The project’s results will be disseminated through this website.
How do NGOs Contribute to the Combat of Trafficking in Human Beings for Labour Exploitation? An Analysis of the Dutch Case
Human Trafficking is a serious international crime and a profound violation of human rights. The United Nations Office on Drugs and Crime (UNODC) has reported that every year, thousands of men, women and children fall into the hands of traffickers, in their own countries and abroad. Almost every country in the world is affected by trafficking, whether as a country of origin, transit or destination for victims. Human trafficking can take many forms; however, the two most commonly detected forms are sexual and labour exploitation. Trafficking in human beings for labour exploitation is a violation against human dignity; furthermore it can be claimed that it is the modern-day equivalent of slavery. In human trafficking for labour exploitation, traffickers try to isolate victims in an environment where they are unable to feel safe and seek for help. Moreover, there is no comprehensive awareness of the nature of the problem among the population and labour exploitation has received less attention in previous studies compared to the trafficking for sexual exploitation.

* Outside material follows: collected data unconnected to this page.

section \<open>Lebesgue measure on the parameter space\<close>

lemma distr_PiM_reindex:
  fixes f :: "'i \<Rightarrow> 'j"
  assumes M: "sigma_finite_measure M" and fin: "finite I" and bij: "bij_betw f I K"
  shows "distr (PiM K (\<lambda>_. M)) (PiM I (\<lambda>_. M)) (\<lambda>\<omega>. \<lambda>n\<in>I. \<omega> (f n)) = PiM I (\<lambda>_. M)"
proof -
  interpret P: product_sigma_finite "\<lambda>_::'i. M" using M by (simp add: product_sigma_finite_def)
  interpret Q: product_sigma_finite "\<lambda>_::'j. M" using M by (simp add: product_sigma_finite_def)
  let ?r = "\<lambda>\<omega>. \<lambda>n\<in>I. \<omega> (f n)" and ?g = "the_inv_into I f"
  have fK: "\<And>n. n \<in> I \<Longrightarrow> f n \<in> K" using bij by (auto simp: bij_betw_def)
  have gI: "\<And>j. j \<in> K \<Longrightarrow> ?g j \<in> I" using bij by (metis bij_betw_def the_inv_into_into order_refl)
  have fg: "\<And>j. j \<in> K \<Longrightarrow> f (?g j) = j" using bij by (metis bij_betw_def f_the_inv_into_f)
  have gf: "\<And>n. n \<in> I \<Longrightarrow> ?g (f n) = n" using bij by (metis bij_betw_def the_inv_into_f_f)
  have r: "?r \<in> measurable (PiM K (\<lambda>_. M)) (PiM I (\<lambda>_. M))"
    by (rule measurable_restrict) (simp add: fK)
  show ?thesis
  proof (rule P.PiM_eqI[OF fin])
    fix A assume A: "\<And>i. i \<in> I \<Longrightarrow> A i \<in> sets M"
    have "?r -` PiE I A \<inter> space (PiM K (\<lambda>_. M)) = PiE K (\<lambda>j. A (?g j))"
    proof (intro set_eqI iffI)
      fix \<omega> assume "\<omega> \<in> ?r -` PiE I A \<inter> space (PiM K (\<lambda>_. M))"
      then have a: "\<And>n. n \<in> I \<Longrightarrow> \<omega> (f n) \<in> A n" and "\<omega> \<in> extensional K"
        by (auto simp: space_PiM PiE_iff)
      with a[OF gI] fg show "\<omega> \<in> PiE K (\<lambda>j. A (?g j))" by (auto simp: PiE_iff)
    next
      fix \<omega> assume "\<omega> \<in> PiE K (\<lambda>j. A (?g j))"
      then have a: "\<And>j. j \<in> K \<Longrightarrow> \<omega> j \<in> A (?g j)" and "\<omega> \<in> extensional K"
        by (auto simp: PiE_iff)
      moreover have "A (?g j) \<subseteq> space M" if "j \<in> K" for j
        using A gI that sets.sets_into_space by blast
      ultimately show "\<omega> \<in> ?r -` PiE I A \<inter> space (PiM K (\<lambda>_. M))"
        using fK gf by (fastforce simp: space_PiM PiE_iff)
    qed
    then have "emeasure (distr (PiM K (\<lambda>_. M)) (PiM I (\<lambda>_. M)) ?r) (PiE I A)
        = (\<Prod>j\<in>K. emeasure M (A (?g j)))"
      using A gI bij_betw_finite[OF bij] fin
      by (simp add: emeasure_distr[OF r] Q.emeasure_PiM)
    also have "\<dots> = (\<Prod>n\<in>I. emeasure M (A n))"
      using gf by (subst prod.reindex_bij_betw[symmetric, OF bij]) (auto intro!: prod.cong)
    finally show "emeasure (distr (PiM K (\<lambda>_. M)) (PiM I (\<lambda>_. M)) ?r) (PiE I A) = (\<Prod>n\<in>I. emeasure M (A n))" .
  qed simp
qed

Human trafficking is a complex issue, many actors - such as governments, law enforcement authorities, NGOs, researchers and academics - play an important role in combating this crime. Even though NGOs play a key role to this issue, only few studies have addressed their role in the anti-trafficking battle.Therefore, this master’s thesis sought to assess the role of NGOs in the fight against human trafficking for labour exploitation and tried to add some knowledge to this research gap.Furthermore, the case study of the Netherlands is analyzed because the Netherlands is considered to be a country that successfully implements policies for action against human trafficking in accordance to international regimes, and NGOs play a role and contribute in various ways in the fight against human trafficking.
In focusing on the Dutch case, and by conducting a literature review and semi-structured interviews with relevant actors in the field, this research came up with five categories, in which NGOs are active in the fight against labour exploitation; commencing from the individual assistance to victims by “(1) Providing Services” (which is already known as NGOs are generally assumed to be active in assisting victims) and “(2) Reinforcing the Victim’s Perspective”, to the broader aid in society as NGOs are also active in the “(3) Identification of Victims” and in “(4) Raising awareness”. Last but certainly not least, the “(5) Partnership” category depicts the importance of collaboration of NGOs with civil society and the state authorities because it strengthens and makes more effective the above four practices and as a result improves the combat of human trafficking.
To conclude, the Dutch experience can be used as a good example of NGOs’ contribution to the fight against labour exploitation because of the plethora of actions taken by NGOs and the relatively good cooperation between NGOs and the state authorities. Of course there is always room for improvement points (for instance strengthening the position of victims in the future), but a working structure in the Netherlands consisting of several organizations seems to work relatively well. The Dutch NGOs have managed up to date to form a good reputation because they cooperate well with the government, they have acquired a more objective approach towards the whole problem of human trafficking and they are constantly searching for ways to improve their policies.